Exercise instructions
Give back exactly the lines of the data below, starting with the line that has "x) A \<and>" and going on through the line that has "Y2' A) \<longleftrightarrow>".

Supplied data
(* Strict optimality is an open condition: it survives convergence of all objective values. *)
lemma unique_maximizer_eventually:
  assumes A: "unique_maximizer \<gamma> \<beta> n M Y A"
    and lim: "\<And>B. B \<subseteq> {1..n} \<Longrightarrow>
      (\<lambda>m. energy_obj \<gamma> (bs m) (Ms m) (Ys m) B) \<longlonglongrightarrow> energy_obj \<gamma> \<beta> M Y B"
  shows "eventually (\<lambda>m. unique_maximizer \<gamma> (bs m) n (Ms m) (Ys m) A) sequentially"
proof -
  let ?f = "\<lambda>m. energy_obj \<gamma> (bs m) (Ms m) (Ys m)"
  have A_sub: "A \<subseteq> {1..n}" using A unfolding unique_maximizer_def by blast
  have "eventually (\<lambda>m. ?f m B < ?f m A) sequentially"
    if B: "B \<in> Pow {1..n} - {A}" for B
  proof -
    have "(\<lambda>m. ?f m A - ?f m B) \<longlonglongrightarrow> energy_obj \<gamma> \<beta> M Y A - energy_obj \<gamma> \<beta> M Y B"
      using lim A_sub B by (intro tendsto_diff) auto
    moreover have "0 < energy_obj \<gamma> \<beta> M Y A - energy_obj \<gamma> \<beta> M Y B"
      using A B unfolding unique_maximizer_def by auto
    ultimately have "eventually (\<lambda>m. 0 < ?f m A - ?f m B) sequentially"
      by (rule order_tendstoD(1))
    then show ?thesis by eventually_elim simp
  qed
  then have "eventually (\<lambda>m. \<forall>B\<in>Pow {1..n} - {A}. ?f m B < ?f m A) sequentially"
    by (intro eventually_ball_finite) auto
  then show ?thesis
  proof eventually_elim
    case (elim m)
    then show ?case using A_sub unfolding unique_maximizer_def by auto
  qed
qed

lemma unique_maximizer_stable:
  assumes nd: "nondegenerate \<gamma> \<beta> k Mi Yi"
    and M: "\<And>i. i \<in> {1..k} \<Longrightarrow> (\<lambda>n. Mn n i) \<longlonglongrightarrow> Mi i"
    and Y: "\<And>i. i \<in> {1..k} \<Longrightarrow> (\<lambda>n. Yn n i) \<longlonglongrightarrow> Yi i"
    and b: "bn \<longlonglongrightarrow> \<beta>"
  shows "\<exists>A. unique_maximizer \<gamma> \<beta> k Mi Yi A \<and>
           eventually (\<lambda>n. unique_maximizer \<gamma> (bn n) k (Mn n) (Yn n) A) sequentially"
proof -
  obtain A where A: "unique_maximizer \<gamma> \<beta> k Mi Yi A"
    using nd unique_maximizer_exists unfolding nondegenerate_def by blast
  have "(\<lambda>n. energy_obj \<gamma> (bn n) (Mn n) (Yn n) B) \<longlonglongrightarrow> energy_obj \<gamma> \<beta> Mi Yi B"
    if "B \<subseteq> {1..k}" for B
    using that nd M Y b
  proof (intro energy_tendsto)
    show "finite B" using that by (rule finite_subset) simp
    show "inj_on Yi B" using nd that unfolding nondegenerate_def by (blast intro: inj_on_subset)
  qed (use that nd in \<open>auto simp: nondegenerate_def\<close>)
  then have "eventually (\<lambda>n. unique_maximizer \<gamma> (bn n) k (Mn n) (Yn n) A) sequentially"
    by (rule unique_maximizer_eventually[OF A])
  with A show ?thesis by blast
qed

(* The same, in the form of the theorem: for large n the truncation min (n - 1) k equals k. *)
lemma eventually_common_unique_maximizer:
  assumes nd: "nondegenerate \<gamma> \<beta> k Mi Yi"
    and M: "\<And>i. i \<in> {1..k} \<Longrightarrow> (\<lambda>n. Mn n i) \<longlonglongrightarrow> Mi i"
    and Y: "\<And>i. i \<in> {1..k} \<Longrightarrow> (\<lambda>n. Yn n i) \<longlonglongrightarrow> Yi i"
    and b: "bn \<longlonglongrightarrow> \<beta>"
  shows "eventually (\<lambda>n. \<exists>A. unique_maximizer \<gamma> (bn n) (min (n - 1) k) (Mn n) (Yn n) A \<and>
                                unique_maximizer \<gamma> \<beta> k Mi Yi A) sequentially"
proof -
  obtain A where A: "unique_maximizer \<gamma> \<beta> k Mi Yi A"
    and ev: "eventually (\<lambda>n. unique_maximizer \<gamma> (bn n) k (Mn n) (Yn n) A) sequentially"
    using unique_maximizer_stable[OF nd M Y b] by blast
  show ?thesis
    using ev eventually_ge_at_top[of "Suc k"]
  proof eventually_elim
    case (elim n)
    then have "min (n - 1) k = k" by simp
    with elim A show ?case by auto
  qed
qed

lemma common_unique_maximizer_sets:
  assumes "\<And>i. M1 i \<in> borel_measurable M" "\<And>i. Y1 i \<in> borel_measurable M"
    and "\<And>i. M2 i \<in> borel_measurable M" "\<And>i. Y2 i \<in> borel_measurable M"
  shows "{x \<in> space M. \<exists>A. unique_maximizer \<gamma> b1 n1 (\<lambda>i. M1 i x) (\<lambda>i. Y1 i x) A \<and>
                          unique_maximizer \<gamma> b2 n2 (\<lambda>i. M2 i x) (\<lambda>i. Y2 i x) A} \<in> sets M"
proof -
  have "(\<exists>A. unique_maximizer \<gamma> b1 n1 M1' Y1' A \<and> unique_maximizer \<gamma> b2 n2 M2' Y2' A) \<longleftrightarrow>
      (\<exists>A\<in>Pow {1..n2}. unique_maximizer \<gamma> b1 n1 M1' Y1' A \<and> unique_maximizer \<gamma> b2 n2 M2' Y2' A)"
    for M1' Y1' M2' Y2' unfolding unique_maximizer_def by auto
  then show ?thesis
    using assms
    by (simp only:, intro sets.sets_Collect_finite_Ex sets.sets_Collect_conj unique_maximizer_sets) auto
qed
(* Any incline $R$ with $|R|\geq 3$ is not $k$-simple.
   Context: A semiring $(R,+,\cdot)$ is a set with two binary operations such that $(R,+)$ is a commutative semigroup, $(R,\cdot)$ is a semigroup, and multiplication distributes over addition from both sides; no zero or identity is assumed. An incline is a semiring with $r+r=r$ for all $r$ and $x+xy=x=x+yx$ for all $x,y\in R$. A zero of $R$ is an element $0$ with $0+r=r$ and $0r=r0=0$ for all $r\in R$. An ideal of $R$ is a nonempty subset $A\subseteq R$ with $a+b\in A$ and $ra,ar\in A$ for all $a,b\in A$, $r\in R$; the trivial ideals are $R$ and, if $R$ has a zero $0$, $\{0\}$. For an ideal $A$, its $k$-closure is $\overline{A}=\{x\in R\mid x+a=b \text{ for some } a,b\in A\}$, and $A$ is a $k$-ideal if $A=\overline{A}$. $R$ is $k$-simple if it has no $k$-ideals other than the trivial ideals. *)

theory Defs
  imports Main
begin

definition semiring_ops :: "('a \<Rightarrow> 'a \<Rightarrow> 'a) \<Rightarrow> ('a \<Rightarrow> 'a \<Rightarrow> 'a) \<Rightarrow> bool" where
  "semiring_ops add mul \<longleftrightarrow>
     (\<forall>a b c. add (add a b) c = add a (add b c)) \<and>
     (\<forall>a b. add a b = add b a) \<and>
     (\<forall>a b c. mul (mul a b) c = mul a (mul b c)) \<and>
     (\<forall>a b c. mul a (add b c) = add (mul a b) (mul a c)) \<and>
     (\<forall>a b c. mul (add a b) c = add (mul a c) (mul b c))"

definition incline :: "('a \<Rightarrow> 'a \<Rightarrow> 'a) \<Rightarrow> ('a \<Rightarrow> 'a \<Rightarrow> 'a) \<Rightarrow> bool" where
  "incline add mul \<longleftrightarrow> semiring_ops add mul \<and>
     (\<forall>r. add r r = r) \<and>
     (\<forall>x y. add x (mul x y) = x \<and> add x (mul y x) = x)"

definition is_zero :: "('a \<Rightarrow> 'a \<Rightarrow> 'a) \<Rightarrow> ('a \<Rightarrow> 'a \<Rightarrow> 'a) \<Rightarrow> 'a \<Rightarrow> bool" where
  "is_zero add mul z \<longleftrightarrow> (\<forall>r. add z r = r \<and> mul z r = z \<and> mul r z = z)"

definition sr_ideal :: "('a \<Rightarrow> 'a \<Rightarrow> 'a) \<Rightarrow> ('a \<Rightarrow> 'a \<Rightarrow> 'a) \<Rightarrow> 'a set \<Rightarrow> bool" where
  "sr_ideal add mul A \<longleftrightarrow> A \<noteq> {} \<and>
     (\<forall>a\<in>A. \<forall>b\<in>A. add a b \<in> A) \<and>
     (\<forall>a\<in>A. \<forall>r. mul r a \<in> A \<and> mul a r \<in> A)"

definition trivial_ideal :: "('a \<Rightarrow> 'a \<Rightarrow> 'a) \<Rightarrow> ('a \<Rightarrow> 'a \<Rightarrow> 'a) \<Rightarrow> 'a set \<Rightarrow> bool" where
  "trivial_ideal add mul A \<longleftrightarrow> A = UNIV \<or> (\<exists>z. is_zero add mul z \<and> A = {z})"

definition k_closure :: "('a \<Rightarrow> 'a \<Rightarrow> 'a) \<Rightarrow> 'a set \<Rightarrow> 'a set" where
  "k_closure add A = {x. \<exists>a\<in>A. \<exists>b\<in>A. add x a = b}"

definition k_ideal :: "('a \<Rightarrow> 'a \<Rightarrow> 'a) \<Rightarrow> ('a \<Rightarrow> 'a \<Rightarrow> 'a) \<Rightarrow> 'a set \<Rightarrow> bool" where
  "k_ideal add mul A \<longleftrightarrow> sr_ideal add mul A \<and> A = k_closure add A"

definition k_simple :: "('a \<Rightarrow> 'a \<Rightarrow> 'a) \<Rightarrow> ('a \<Rightarrow> 'a \<Rightarrow> 'a) \<Rightarrow> bool" where
  "k_simple add mul \<longleftrightarrow> (\<forall>A. k_ideal add mul A \<longrightarrow> trivial_ideal add mul A)"

end

theory Submission
  imports Defs
begin

text \<open>In an incline, addition is a join with \<open>x \<le> a \<longleftrightarrow> x + a = a\<close>, and every principal
  down-set \<open>\<down>a\<close> is a \<open>k\<close>-ideal: absorption puts \<open>ra\<close> and \<open>ar\<close> below \<open>a\<close>, and
  \<open>x + a' = b\<close> with \<open>a', b \<le> a\<close> forces \<open>x \<le> b \<le> a\<close>. If \<open>R\<close> were \<open>k\<close>-simple, each \<open>\<down>a\<close>
  would be \<open>R\<close> (so \<open>a\<close> is the top) or a singleton \<open>{0}\<close> (so \<open>a = 0\<close>, as \<open>a \<in> \<down>a\<close>). A top
  and a zero are unique, so \<open>R\<close> would have at most two elements.\<close>

lemma incline_laws:
  assumes "incline add mul"
  shows incline_add_assoc: "add (add a b) c = add a (add b c)"
    and incline_add_commute: "add a b = add b a"
    and incline_add_idem: "add a a = a"
    and incline_absorb_right: "add x (mul x y) = x"
    and incline_absorb_left: "add x (mul y x) = x"
  using assms unfolding incline_def semiring_ops_def by blast+

definition down_set :: "('a \<Rightarrow> 'a \<Rightarrow> 'a) \<Rightarrow> 'a \<Rightarrow> 'a set" where
  "down_set add a = {x. add x a = a}"

lemma down_set_downward_closed:
  assumes "\<And>a b c. add (add a b) c = add a (add b c)"
    and "add x y = y" and "y \<in> down_set add a"
  shows "x \<in> down_set add a"
proof -
  have "add y a = a" using assms(3) unfolding down_set_def by simp
  then have "add x a = add (add x y) a" by (simp only: assms(1))
  also have "\<dots> = a" using \<open>add x y = y\<close> \<open>add y a = a\<close> by simp
  finally show ?thesis unfolding down_set_def by simp
qed

lemma down_set_sr_ideal:
  assumes inc: "incline add mul"
  shows "sr_ideal add mul (down_set add a)"
  unfolding sr_ideal_def
proof (intro conjI ballI allI)
  show "down_set add a \<noteq> {}"
    using incline_add_idem[OF inc] unfolding down_set_def by auto
next
  fix x y assume "x \<in> down_set add a" "y \<in> down_set add a"
  then show "add x y \<in> down_set add a" by (simp add: down_set_def incline_add_assoc[OF inc])
next
  fix x r assume x: "x \<in> down_set add a"
  have "add (mul r x) x = x" "add (mul x r) x = x"
    using incline_absorb_left[OF inc] incline_absorb_right[OF inc]
      incline_add_commute[OF inc] by metis+
  then show "mul r x \<in> down_set add a" "mul x r \<in> down_set add a"
    using down_set_downward_closed[OF incline_add_assoc[OF inc] _ x] by blast+
qed

lemma down_set_k_closed:
  assumes inc: "incline add mul"
  shows "k_closure add (down_set add a) = down_set add a"
proof
  show "down_set add a \<subseteq> k_closure add (down_set add a)"
    unfolding k_closure_def using incline_add_idem[OF inc] by blast
  show "k_closure add (down_set add a) \<subseteq> down_set add a"
  proof
    fix x assume "x \<in> k_closure add (down_set add a)"
    then obtain a' b where b: "b \<in> down_set add a" and sum: "add x a' = b"
      unfolding k_closure_def by blast
    have "add x b = add (add x x) a'"
      using sum by (simp only: incline_add_assoc[OF inc])
    then have "add x b = b"
      using sum by (simp only: incline_add_idem[OF inc])
    then show "x \<in> down_set add a"
      using down_set_downward_closed[OF incline_add_assoc[OF inc] _ b] by blast
  qed
qed

lemma down_set_k_ideal:
  assumes "incline add mul"
  shows "k_ideal add mul (down_set add a)"
  unfolding k_ideal_def
  using down_set_sr_ideal[OF assms] down_set_k_closed[OF assms] by simp

lemma k_simple_incline_top_or_zero:
  assumes inc: "incline add mul" and "k_simple add mul"
  shows "(\<forall>x. add x a = a) \<or> is_zero add mul a"
proof -
  have "down_set add a = UNIV \<or> (\<exists>z. is_zero add mul z \<and> down_set add a = {z})"
    using assms down_set_k_ideal[OF inc] unfolding k_simple_def trivial_ideal_def by blast
  then show ?thesis
  proof
    assume "down_set add a = UNIV"
    then show ?thesis unfolding down_set_def by auto
  next
    assume "\<exists>z. is_zero add mul z \<and> down_set add a = {z}"
    then obtain z where "is_zero add mul z" "down_set add a = {z}" by blast
    moreover have "a \<in> down_set add a"
      using incline_add_idem[OF inc] unfolding down_set_def by simp
    ultimately show ?thesis by simp
  qed
qed

lemma top_unique:
  assumes "add a b = add b a"
    and "\<forall>x. add x a = a" and "\<forall>x. add x b = b"
  shows "a = b"
  using assms by metis

lemma zero_unique:
  assumes "add z w = add w z"
    and "is_zero add mul z" and "is_zero add mul w"
  shows "z = w"
  using assms unfolding is_zero_def by metis

theorem lemma5p2:
  fixes add mul :: "'a \<Rightarrow> 'a \<Rightarrow> 'a"
  assumes "incline add mul"
    and "\<exists>a b c :: 'a. a \<noteq> b \<and> b \<noteq> c \<and> a \<noteq> c"
  shows "\<not> k_simple add mul"
proof
  assume "k_simple add mul"
  then have top_or_zero: "\<And>a. (\<forall>x. add x a = a) \<or> is_zero add mul a"
    using k_simple_incline_top_or_zero[OF assms(1)] by blast
  have at_most_two: "x = y \<or> y = z \<or> x = z" for x y z :: 'a
  proof -
    have same_kind: "u = v"
      if "(\<forall>x. add x u = u) \<and> (\<forall>x. add x v = v) \<or> is_zero add mul u \<and> is_zero add mul v"
      for u v :: 'a
      using that top_unique[of add u v] zero_unique[of add u v mul]
        incline_add_commute[OF assms(1), of u v] by blast
    show ?thesis
      using top_or_zero[of x] top_or_zero[of y] top_or_zero[of z] same_kind by blast
  qed
  obtain a b c :: 'a where "a \<noteq> b" "b \<noteq> c" "a \<noteq> c"
    using assms(2) by blast
  then show False
    using at_most_two[of a b c] by blast
qed

end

Exercise output
  shows "{x \<in> space M. \<exists>A. unique_maximizer \<gamma> b1 n1 (\<lambda>i. M1 i x) (\<lambda>i. Y1 i x) A \<and>
                          unique_maximizer \<gamma> b2 n2 (\<lambda>i. M2 i x) (\<lambda>i. Y2 i x) A} \<in> sets M"
proof -
  have "(\<exists>A. unique_maximizer \<gamma> b1 n1 M1' Y1' A \<and> unique_maximizer \<gamma> b2 n2 M2' Y2' A) \<longleftrightarrow>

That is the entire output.